So good to see you here! This next part would surely not disappoint 😊

In the previous post, we understood the raw data provided and made a few changes to suit our task. Now, we will explore ways to accomplish our original task, and select the best strategies for the same.

Metrics and Losses

Here are the various losses/metrics used with the reason they were selected:

1) Log-loss/Binary Cross-Entropy

This is regarded as a reliable metric for binary classification tasks that gives an indication of how confident a model is while making predictions.

2) Accuracy score

It will give us an idea of the overall performance. However, it is susceptible to misleading results due to class imbalance (as can be observed in the baseline model).

3) Area Under Receiver Operating Characteristic Curve (roc_auc_score)

A metric that helps us optimize towards a balance between True Positive Rate and False Positive Rate. Accounts for class imbalance and gives a result that indicates a problem in case the minority class is not being handled well.

4) F1 score

Another metric that is very useful for binary classification, especially for imbalanced classes, as it strikes a trade-off between Precision and Recall.

5) Confusion matrix

This gives the clearest representation of the scenario after prediction, with the exact number of correctly/incorrectly classified points for each class. This will help us selected the strategies we have to use moving forward.

6) Precision (matrix)

It is used to display the values of Precision for all the classes involved.

7) Recall (matrix)

It is used to display the values of Recall for all the classes involved. All these matrices will help us decide if we are missing too many plugs, classifying too many-non plugs as plugs, or any other error that is being produced.

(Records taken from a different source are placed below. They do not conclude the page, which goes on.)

lemma three_square_minus_one_mod:
  fixes f :: int
  shows "(3 * f^2 - 1) mod 3 = 2"
    and "odd f \<Longrightarrow> [3 * f^2 - 1 = 2] (mod 8)"
    and "even f \<Longrightarrow> (3 * f^2 - 1) mod 4 = 3"
    and "(3 * f^2 - 1) mod 9 = (if 3 dvd f then 8 else 2)"
    and "\<not> 4 dvd 3 * f^2 - 1"
proof -
  show "(3 * f^2 - 1) mod 3 = 2"
    by presburger
  show odd: "odd f \<Longrightarrow> [3 * f^2 - 1 = 2] (mod 8)"
  proof -
    assume "odd f"
    then have "[3 * f^2 - 1 = 3 * 1 - 1] (mod 8)"
      by (intro cong_diff cong_scalar_left odd_square_cong_mod_8) simp_all
    then show ?thesis
      by simp
  qed
  show even: "even f \<Longrightarrow> (3 * f^2 - 1) mod 4 = 3"
  proof -
    assume "even f"
    then have "[3 * f^2 - 1 = 3 * 0 - 1] (mod 2 * 2)"
      by (intro cong_diff cong_scalar_left square_cong_0_if_dvd) simp_all
    then show ?thesis
      by (simp add: cong_def)
  qed
  show "(3 * f^2 - 1) mod 9 = (if 3 dvd f then 8 else 2)"
  proof (cases "3 dvd f")
    case True
    then have "[3 * f^2 - 1 = 3 * 0 - 1] (mod 3 * 3)"
      by (intro cong_diff cong_scalar_left square_cong_0_if_dvd) simp_all
    with True show ?thesis
      by (simp add: cong_def)
  next
    case False
    then have "3 * 3 dvd 3 * (f^2 - 1)"
      using square_cong_mod_3[of f] by (intro mult_dvd_mono) (simp_all add: cong_iff_dvd_diff)
    then have "[3 * f^2 - 1 = 2] (mod 9)"
      by (simp add: cong_iff_dvd_diff algebra_simps)
    with False show ?thesis
      by (simp add: cong_def)
  qed
  show "\<not> 4 dvd 3 * f^2 - 1"
  proof (cases "even f")
    case False
    then have "[3 * f^2 - 1 = 2] (mod 4)"
      using cong_dvd_modulus[OF odd, of 4] by simp
    then show ?thesis
      by (simp add: cong_def dvd_eq_mod_eq_0)
  qed (simp add: even dvd_eq_mod_eq_0)
qed

lemma chinese_remainder_mod_eq:
  fixes x m n e1 e2 :: int
  assumes "coprime m n"
    and "[e1 = 1] (mod m)" and "[e1 = 0] (mod n)" and "[e2 = 0] (mod m)" and "[e2 = 1] (mod n)"
  shows "x mod (m * n) = (e1 * (x mod m) + e2 * (x mod n)) mod (m * n)"
proof -
  have "[e1 * (x mod m) + e2 * (x mod n) = 1 * x + 0 * (x mod n)] (mod m)"
    using assms(2,4) by (intro cong_add cong_mult) (auto simp: cong_def)
  moreover have "[e1 * (x mod m) + e2 * (x mod n) = 0 * (x mod m) + 1 * x] (mod n)"
    using assms(3,5) by (intro cong_add cong_mult) (auto simp: cong_def)
  ultimately have "[e1 * (x mod m) + e2 * (x mod n) = x] (mod m * n)"
    using assms(1) by (auto intro: coprime_cong_mult)
  then show ?thesis
    by (simp add: cong_def)
qed
(* Let $(V_o,w_o,\mu_o)$ be a simple weighted graph with adapted weight $\sigma_o$ and adapted path metric $d_{\sigma_o}$, and fix $\bar x\in V_o$. Assume $C_o:=\inf_{x\in V_o}\mu_o(x)>0$ and that every ball $B_{d_{\sigma_o}}(\bar x,r)$ has finite $\mu_o$-measure. Set \[f(r)=\log\mu_o\big(B_{d_{\sigma_o}}(\bar x,r)\big)-\log C_o,\qquad R_n=2^{n+4},\qquad \sigma_n=\frac{1}{f(R_n)+2+\log\log R_n}\qquad(n\in\mathbb N).\] Let $\mathfrak n:E_o\to\mathbb N_+$ be symmetric with $\mathfrak n\ge2$, such that for every $n\in\mathbb N$ and every $e=(x,y)\in E_o$ with $d_{\sigma_o}(x,\bar x)\vee d_{\sigma_o}(y,\bar x)\ge2^{n+2}-1$, \[\mathfrak n(e)\ge f(R_n)+2+\log\log R_n.\] Let $(V,w,\mu)$ be the modified graph with weight $\mathfrak n$, with adapted weight $\sigma$ and path metric $d_\sigma$. Then for every $n\in\mathbb N$, every $e=(x,y)\in E_o^+$ and every $0\le k\le\mathfrak n(e)-1$: if $d_\sigma(x^e_k,\bar x)\vee d_\sigma(x^e_{k+1},\bar x)\ge2^{n+2}$, then $\sigma(x^e_k,x^e_{k+1})\le\sigma_n$.
   Context: **Weighted graphs.** A simple weighted graph $(V,w,\mu)$ consists of a countably infinite set $V$, a symmetric function $w:V\times V\to[0,\infty)$ and a function $\mu:V\to(0,\infty)$. The graph with edges $\{x\sim y:w(x,y)>0\}$ is assumed to be locally finite, connected, and without loops or multiple edges. **Adapted weights and metrics.** An adapted weight is a symmetric $\sigma:E\to(0,1]$ with $\frac1{\mu(x)}\sum_y w(x,y)\sigma(x,y)^2\le1$ for all $x$. The adapted path metric $d_\sigma(x,y)$ is the infimum of $\sum_i\sigma(x_i,x_{i+1})$ over paths $x=x_0\sim\cdots\sim x_n=y$. Closed balls are $B_d(x,r)=\{y:d(x,y)\le r\}$, and $a\vee b=\max(a,b)$. **Modified graph.** Fix an orientation $E_o^+$ of $E_o$. For $e=(x,y)\in E_o^+$, add distinct new vertices $x^e_1,\dots,x^e_{\mathfrak n(e)-1}$, set $x_0^e=x$, $x^e_{\mathfrak n(e)}=y$, and replace the edge $x\sim y$ by the path $x^e_0\sim\cdots\sim x^e_{\mathfrak n(e)}$. Weights and measure: - $w(x^e_i,x^e_{i+1})=\mathfrak n(e)w_o(e)$, symmetric, and $w=0$ otherwise; - $\mu=\mu_o$ on $V_o$, and $\mu(x^e_i)=2w_o(e)\sigma_o(e)^2/\mathfrak n(e)$; - $\sigma(x^e_i,x^e_{i+1})=\sigma_o(e)/\mathfrak n(e)$. *)

theory Defs
  imports "HOL-Analysis.Analysis"
begin

text \<open>A weighted graph on the vertex type 'v (vertex set = UNIV): edge weight w,
  measure mu. Edges are the pairs with w x y > 0.\<close>

definition is_walk :: "('v \<Rightarrow> 'v \<Rightarrow> real) \<Rightarrow> 'v list \<Rightarrow> bool" where
  "is_walk w p \<longleftrightarrow> (\<forall>i. Suc i < length p \<longrightarrow> w (p ! i) (p ! Suc i) > 0)"

definition walk_len :: "('v \<Rightarrow> 'v \<Rightarrow> real) \<Rightarrow> 'v list \<Rightarrow> real" where
  "walk_len s p = (\<Sum>i<length p - 1. s (p ! i) (p ! Suc i))"

definition simple_weighted_graph :: "('v \<Rightarrow> 'v \<Rightarrow> real) \<Rightarrow> ('v \<Rightarrow> real) \<Rightarrow> bool" where
  "simple_weighted_graph w mu \<longleftrightarrow>
     countable (UNIV :: 'v set) \<and> infinite (UNIV :: 'v set) \<and>
     (\<forall>x y. w x y = w y x) \<and> (\<forall>x y. w x y \<ge> 0) \<and> (\<forall>x. w x x = 0) \<and>
     (\<forall>x. mu x > 0) \<and>
     (\<forall>x. finite {y. w x y > 0}) \<and>
     (\<forall>x y. \<exists>p. p \<noteq> [] \<and> hd p = x \<and> last p = y \<and> is_walk w p)"

definition adapted_weight :: "('v \<Rightarrow> 'v \<Rightarrow> real) \<Rightarrow> ('v \<Rightarrow> real) \<Rightarrow> ('v \<Rightarrow> 'v \<Rightarrow> real) \<Rightarrow> bool" where
  "adapted_weight w mu s \<longleftrightarrow>
     (\<forall>x y. w x y > 0 \<longrightarrow> s x y = s y x \<and> 0 < s x y \<and> s x y \<le> 1) \<and>
     (\<forall>x. (1 / mu x) * (\<Sum>y\<in>{y. w x y > 0}. w x y * (s x y)\<^sup>2) \<le> 1)"

definition path_dist :: "('v \<Rightarrow> 'v \<Rightarrow> real) \<Rightarrow> ('v \<Rightarrow> 'v \<Rightarrow> real) \<Rightarrow> 'v \<Rightarrow> 'v \<Rightarrow> real" where
  "path_dist w s x y =
     Inf {walk_len s p | p. p \<noteq> [] \<and> hd p = x \<and> last p = y \<and> is_walk w p}"

definition cball_d :: "('v \<Rightarrow> 'v \<Rightarrow> real) \<Rightarrow> 'v \<Rightarrow> real \<Rightarrow> 'v set" where
  "cball_d d x r = {y. d x y \<le> r}"

definition orientation :: "('v \<Rightarrow> 'v \<Rightarrow> real) \<Rightarrow> ('v \<times> 'v) set \<Rightarrow> bool" where
  "orientation w Ep \<longleftrightarrow> (\<forall>(x,y)\<in>Ep. w x y > 0) \<and>
     (\<forall>x y. w x y > 0 \<longrightarrow> ((x,y) \<in> Ep \<longleftrightarrow> (y,x) \<notin> Ep))"

datatype 'v mvert = Orig 'v | Sub "'v \<times> 'v" nat

definition xe :: "('v \<Rightarrow> 'v \<Rightarrow> nat) \<Rightarrow> 'v \<times> 'v \<Rightarrow> nat \<Rightarrow> 'v mvert" where
  "xe nn e i = (if i = 0 then Orig (fst e)
                else if i = nn (fst e) (snd e) then Orig (snd e) else Sub e i)"

definition mod_seg :: "('v \<times> 'v) set \<Rightarrow> ('v \<Rightarrow> 'v \<Rightarrow> nat) \<Rightarrow> 'v \<times> 'v \<Rightarrow> nat
     \<Rightarrow> 'v mvert \<Rightarrow> 'v mvert \<Rightarrow> bool" where
  "mod_seg Ep nn e i a b \<longleftrightarrow> e \<in> Ep \<and> i < nn (fst e) (snd e) \<and>
     {a, b} = {xe nn e i, xe nn e (Suc i)}"

definition mod_w :: "('v \<times> 'v) set \<Rightarrow> ('v \<Rightarrow> 'v \<Rightarrow> nat) \<Rightarrow> ('v \<Rightarrow> 'v \<Rightarrow> real)
     \<Rightarrow> 'v mvert \<Rightarrow> 'v mvert \<Rightarrow> real" where
  "mod_w Ep nn w a b = (if \<exists>e i. mod_seg Ep nn e i a b
     then (let e = (SOME e. \<exists>i. mod_seg Ep nn e i a b)
           in real (nn (fst e) (snd e)) * w (fst e) (snd e))
     else 0)"

definition mod_sigma :: "('v \<times> 'v) set \<Rightarrow> ('v \<Rightarrow> 'v \<Rightarrow> nat) \<Rightarrow> ('v \<Rightarrow> 'v \<Rightarrow> real)
     \<Rightarrow> 'v mvert \<Rightarrow> 'v mvert \<Rightarrow> real" where
  "mod_sigma Ep nn s a b = (if \<exists>e i. mod_seg Ep nn e i a b
     then (let e = (SOME e. \<exists>i. mod_seg Ep nn e i a b)
           in s (fst e) (snd e) / real (nn (fst e) (snd e)))
     else 0)"

definition mod_mu :: "('v \<Rightarrow> 'v \<Rightarrow> nat) \<Rightarrow> ('v \<Rightarrow> 'v \<Rightarrow> real) \<Rightarrow> ('v \<Rightarrow> 'v \<Rightarrow> real)
     \<Rightarrow> ('v \<Rightarrow> real) \<Rightarrow> 'v mvert \<Rightarrow> real" where
  "mod_mu nn w s mu v = (case v of Orig x \<Rightarrow> mu x
     | Sub e i \<Rightarrow> 2 * w (fst e) (snd e) * (s (fst e) (snd e))\<^sup>2 / real (nn (fst e) (snd e)))"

8) Categorical Cross-Entropy

The most popular metric for multi-class classification. We will need this for our task of predicting product spaces from image feature embeddings.

Onto the models!

Machine Learning models

Baseline Model

If we classify all products as non-plugs (majority) then the following are values we will get for various metrics:

Accuracy: 0.964

ROC-AUC: 0.5

F1 score: 0.0

We should try and aim for overall accuracy (and other metrics) better than this. However, considering the fact that our main focus is to alert the retailer about all the plugs, False Positives may be allowed, in order to increase the number of plugs detected and reduce the number of false negatives (positive being where there is a plug, in this context).

General Approach

1) (Fitting model -> calibrated classifier -> calculating metrics) for all hyperparameter (hp) values in the hp range,

2) Selecting the best value of hp and fitting the model with that value,

3) Plotting the confusion matrices from the function above,

4) Interpreting results.

Calibrated Classifier

This classifier is used on top of the basic classification model in order to generate probability values for each prediction instead of hard predictions. This will be required to calculate the two-class log-loss and roc_auc_score.

The two ways to perform this calibration are through ‘sigmoidal’ and ‘isotonic’ regression. We have mostly used the former.

Logistic Regression

This is the first model one would test for binary classification to check whether the data is linearly separable or not.

It is fast and can handle data with high dimensionality well. We tried various fits of this model, both on ‘cat_data’ and ‘ohe_data’. It was observed that the performance was much better while using ohe_data.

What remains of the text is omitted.